How to complete this task
Among the lines below, restate word for word only those from the line with "using that by simp" through the line with "using D by (simp", with both end lines kept.

Records provided

lemma nn_integral_rational_halfline:
  fixes a b g :: real
  assumes "g > 0" and "a*g - b^2 > 0"
  defines "D \<equiv> a*g - b^2"
  defines "I \<equiv> 1/(2*D) + b/(2*D * sqrt D) * (pi/2 + arctan (b / sqrt D))"
  shows "(\<integral>\<^sup>+t. ennreal (t / (g*t^2 - 2*b*t + a)^2) * indicator {0..} t \<partial>lborel) = ennreal I"
    and "0 \<le> I"
proof -
  let ?F = "\<lambda>t. (b*t - a) / (2*D*(g*t^2 - 2*b*t + a)) + b / (2*D * sqrt D) * arctan ((g*t - b) / sqrt D)"
  have D: "D > 0"
    using assms by simp
  have F': "(?F has_real_derivative t / (g*t^2 - 2*b*t + a)^2) (at t)" for t
    using assms(1,2) unfolding D_def by (rule rational_antiderivative)
  have F_lim: "(?F \<longlongrightarrow> b/(2*D * sqrt D) * (pi/2)) at_top"
  proof -
    have "(?F \<longlongrightarrow> b * pi / (4 * (D * root 2 D))) at_top"
      using D \<open>g > 0\<close> by real_asymp
    then show ?thesis
      by (simp add: sqrt_def)
  qed
  have nonneg: "0 \<le> t / (g*t^2 - 2*b*t + a)^2" if "0 \<le> t" for t
    using that by simp
  have "a > 0"
    using assms by (smt (verit) mult_nonpos_nonneg zero_le_power2)
  then have I_eq: "b/(2*D * sqrt D) * (pi/2) - ?F 0 = I"
    using D by (simp add: I_def field_simps arctan_minus)
  show "(\<integral>\<^sup>+t. ennreal (t / (g*t^2 - 2*b*t + a)^2) * indicator {0..} t \<partial>lborel) = ennreal I"
    unfolding I_eq[symmetric] by (rule nn_integral_FTC_atLeast[OF _ F' nonneg F_lim]) measurable
  show "0 \<le> I"
    using DERIV_nonneg_imp_le_limit[where a=0, OF F' nonneg F_lim] I_eq by simp
qed

lemma nn_integral_abs_rational:
  fixes a b g :: real
  assumes "g > 0" and "a*g - b^2 > 0"
  defines "D \<equiv> a*g - b^2"
  shows "(\<integral>\<^sup>+t. ennreal (\<bar>t\<bar> / (g*t^2 - 2*b*t + a)^2) \<partial>lborel)
     = ennreal (1/D + b/(D * sqrt D) * arctan (b / sqrt D))"
proof -
  define I where "I c = 1/(2*D) + c/(2*D * sqrt D) * (pi/2 + arctan (c / sqrt D))" for c
  have half: "(\<integral>\<^sup>+t. ennreal (\<bar>s*t\<bar> / (g*(s*t)^2 - 2*b*(s*t) + a)^2) * indicator {0..} t \<partial>lborel)
      = ennreal (I (s*b))" "0 \<le> I (s*b)" if "\<bar>s\<bar> = 1" for s
  proof -
    have s: "s^2 = 1" "s * s = 1"
      using that power2_abs[of s] by (auto simp: power2_eq_square)
    have disc: "a*g - (s*b)^2 > 0"
      using assms s by (simp add: power_mult_distrib)
    have "(\<integral>\<^sup>+t. ennreal (\<bar>s*t\<bar> / (g*(s*t)^2 - 2*b*(s*t) + a)^2) * indicator {0..} t \<partial>lborel)
        = (\<integral>\<^sup>+t. ennreal (t / (g*t^2 - 2*(s*b)*t + a)^2) * indicator {0..} t \<partial>lborel)"
      using that s
      by (intro nn_integral_cong) (auto simp: abs_mult power_mult_distrib mult_ac split: split_indicator)
    then show "(\<integral>\<^sup>+t. ennreal (\<bar>s*t\<bar> / (g*(s*t)^2 - 2*b*(s*t) + a)^2) * indicator {0..} t \<partial>lborel)
        = ennreal (I (s*b))" "0 \<le> I (s*b)"
      using nn_integral_rational_halfline[OF \<open>g > 0\<close> disc] s by (simp_all add: I_def D_def power_mult_distrib)
  qed
  have "(\<integral>\<^sup>+t. ennreal (\<bar>t\<bar> / (g*t^2 - 2*b*t + a)^2) \<partial>lborel) = ennreal (I b) + ennreal (I (-b))"
    using half[of 1] half[of "-1"] by (subst nn_integral_lborel_split_at_0) auto
  also have "\<dots> = ennreal (I b + I (-b))"
    using half(2)[of 1] half(2)[of "-1"] by (simp flip: ennreal_plus)
  also have "I b + I (-b) = 1/D + b/(D * sqrt D) * arctan (b / sqrt D)"
    using assms(2) by (simp add: I_def field_simps arctan_minus flip: D_def)
  finally show ?thesis .
qed

lemma nn_integral_abs_product_gaussian:
  fixes a b g :: real
  assumes "g > 0" and "a*g - b^2 > 0"
  defines "D \<equiv> a*g - b^2"
  shows "(\<integral>\<^sup>+y1. \<integral>\<^sup>+y2. ennreal (\<bar>y1*y2\<bar> * exp (-(a*y1^2 - 2*b*y1*y2 + g*y2^2)/2)) \<partial>lborel \<partial>lborel)
     = ennreal (4 * (1/D + b/(D * sqrt D) * arctan (b / sqrt D)))"
proof -
  let ?p = "\<lambda>t. g*t^2 - 2*b*t + a"
  let ?G = "\<lambda>y1 t. ennreal (\<bar>t\<bar> * (\<bar>y1\<bar>^3 * exp (-(?p t * y1^2)/2)))"
  have inner: "(\<integral>\<^sup>+y2. ennreal (\<bar>y1*y2\<bar> * exp (-(a*y1^2 - 2*b*y1*y2 + g*y2^2)/2)) \<partial>lborel)
      = (\<integral>\<^sup>+t. ?G y1 t \<partial>lborel)" for y1
  proof (cases "y1 = 0")
    case False
    have "(\<integral>\<^sup>+y2. ennreal (\<bar>y1*y2\<bar> * exp (-(a*y1^2 - 2*b*y1*y2 + g*y2^2)/2)) \<partial>lborel)
       = \<bar>y1\<bar> * (\<integral>\<^sup>+t. ennreal (\<bar>y1*(0 + y1*t)\<bar> * exp (-(a*y1^2 - 2*b*y1*(0 + y1*t) + g*(0 + y1*t)^2)/2)) \<partial>lborel)"
      by (rule nn_integral_real_affine[OF _ False]) measurable
    also have "\<dots> = (\<integral>\<^sup>+t. ennreal \<bar>y1\<bar> * ennreal (\<bar>y1*(y1*t)\<bar> * exp (-(a*y1^2 - 2*b*y1*(y1*t) + g*(y1*t)^2)/2)) \<partial>lborel)"
      by (simp add: nn_integral_cmult)
    also have "\<dots> = (\<integral>\<^sup>+t. ?G y1 t \<partial>lborel)"
    proof (intro nn_integral_cong)
      fix t :: real
      have "\<bar>y1\<bar> * (\<bar>y1*(y1*t)\<bar> * exp (-(a*y1^2 - 2*b*y1*(y1*t) + g*(y1*t)^2)/2))
          = \<bar>t\<bar> * (\<bar>y1\<bar>^3 * exp (-(?p t * y1^2)/2))"
        by (simp add: abs_mult power2_eq_square power3_eq_cube algebra_simps)
      then show "ennreal \<bar>y1\<bar> * ennreal (\<bar>y1*(y1*t)\<bar> * exp (-(a*y1^2 - 2*b*y1*(y1*t) + g*(y1*t)^2)/2))
          = ?G y1 t"
        by (simp add: ennreal_mult[symmetric])
    qed
    finally show ?thesis .
  qed simp
  have moment: "(\<integral>\<^sup>+y1. ?G y1 t \<partial>lborel) = ennreal 4 * ennreal (\<bar>t\<bar> / (?p t)^2)" for t
  proof -
    have "?p t > 0"
      using assms quadratic_pos by blast
    have factor: "?G y1 t = ennreal \<bar>t\<bar> * ennreal (\<bar>y1\<bar>^3 * exp (-(?p t * y1^2)/2))" for y1
      by (rule ennreal_mult') simp
    have "(\<integral>\<^sup>+y1. ?G y1 t \<partial>lborel) = ennreal \<bar>t\<bar> * (\<integral>\<^sup>+y1. ennreal (\<bar>y1\<bar>^3 * exp (-(?p t * y1^2)/2)) \<partial>lborel)"
      unfolding factor by (rule nn_integral_cmult) measurable
    also have "\<dots> = ennreal \<bar>t\<bar> * ennreal (4 / (?p t)^2)"
      by (simp only: nn_integral_abs_cube_gaussian[OF \<open>?p t > 0\<close>])
    also have "\<dots> = ennreal 4 * ennreal (\<bar>t\<bar> / (?p t)^2)"
      by (simp add: numeral_mult_ennreal ennreal_mult'[symmetric] mult.commute)
    finally show ?thesis .
  qed
  have "(\<integral>\<^sup>+y1. \<integral>\<^sup>+y2. ennreal (\<bar>y1*y2\<bar> * exp (-(a*y1^2 - 2*b*y1*y2 + g*y2^2)/2)) \<partial>lborel \<partial>lborel)
     = (\<integral>\<^sup>+t. \<integral>\<^sup>+y1. ?G y1 t \<partial>lborel \<partial>lborel)"
    unfolding inner by (rule lborel_pair.Fubini') measurable
  also have "\<dots> = ennreal 4 * (\<integral>\<^sup>+t. ennreal (\<bar>t\<bar> / (?p t)^2) \<partial>lborel)"
    unfolding moment by (rule nn_integral_cmult) measurable
  also have "\<dots> = ennreal 4 * ennreal (1/D + b/(D * sqrt D) * arctan (b / sqrt D))"
    using nn_integral_abs_rational[OF assms(1,2)] by (simp only: D_def)
  also have "\<dots> = ennreal (4 * (1/D + b/(D * sqrt D) * arctan (b / sqrt D)))"
    by (rule ennreal_mult'[symmetric]) simp
  finally show ?thesis .
qed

Solution for this task
    using that by simp
  have "a > 0"
    using assms by (smt (verit) mult_nonpos_nonneg zero_le_power2)
  then have I_eq: "b/(2*D * sqrt D) * (pi/2) - ?F 0 = I"
    using D by (simp add: I_def field_simps arctan_minus)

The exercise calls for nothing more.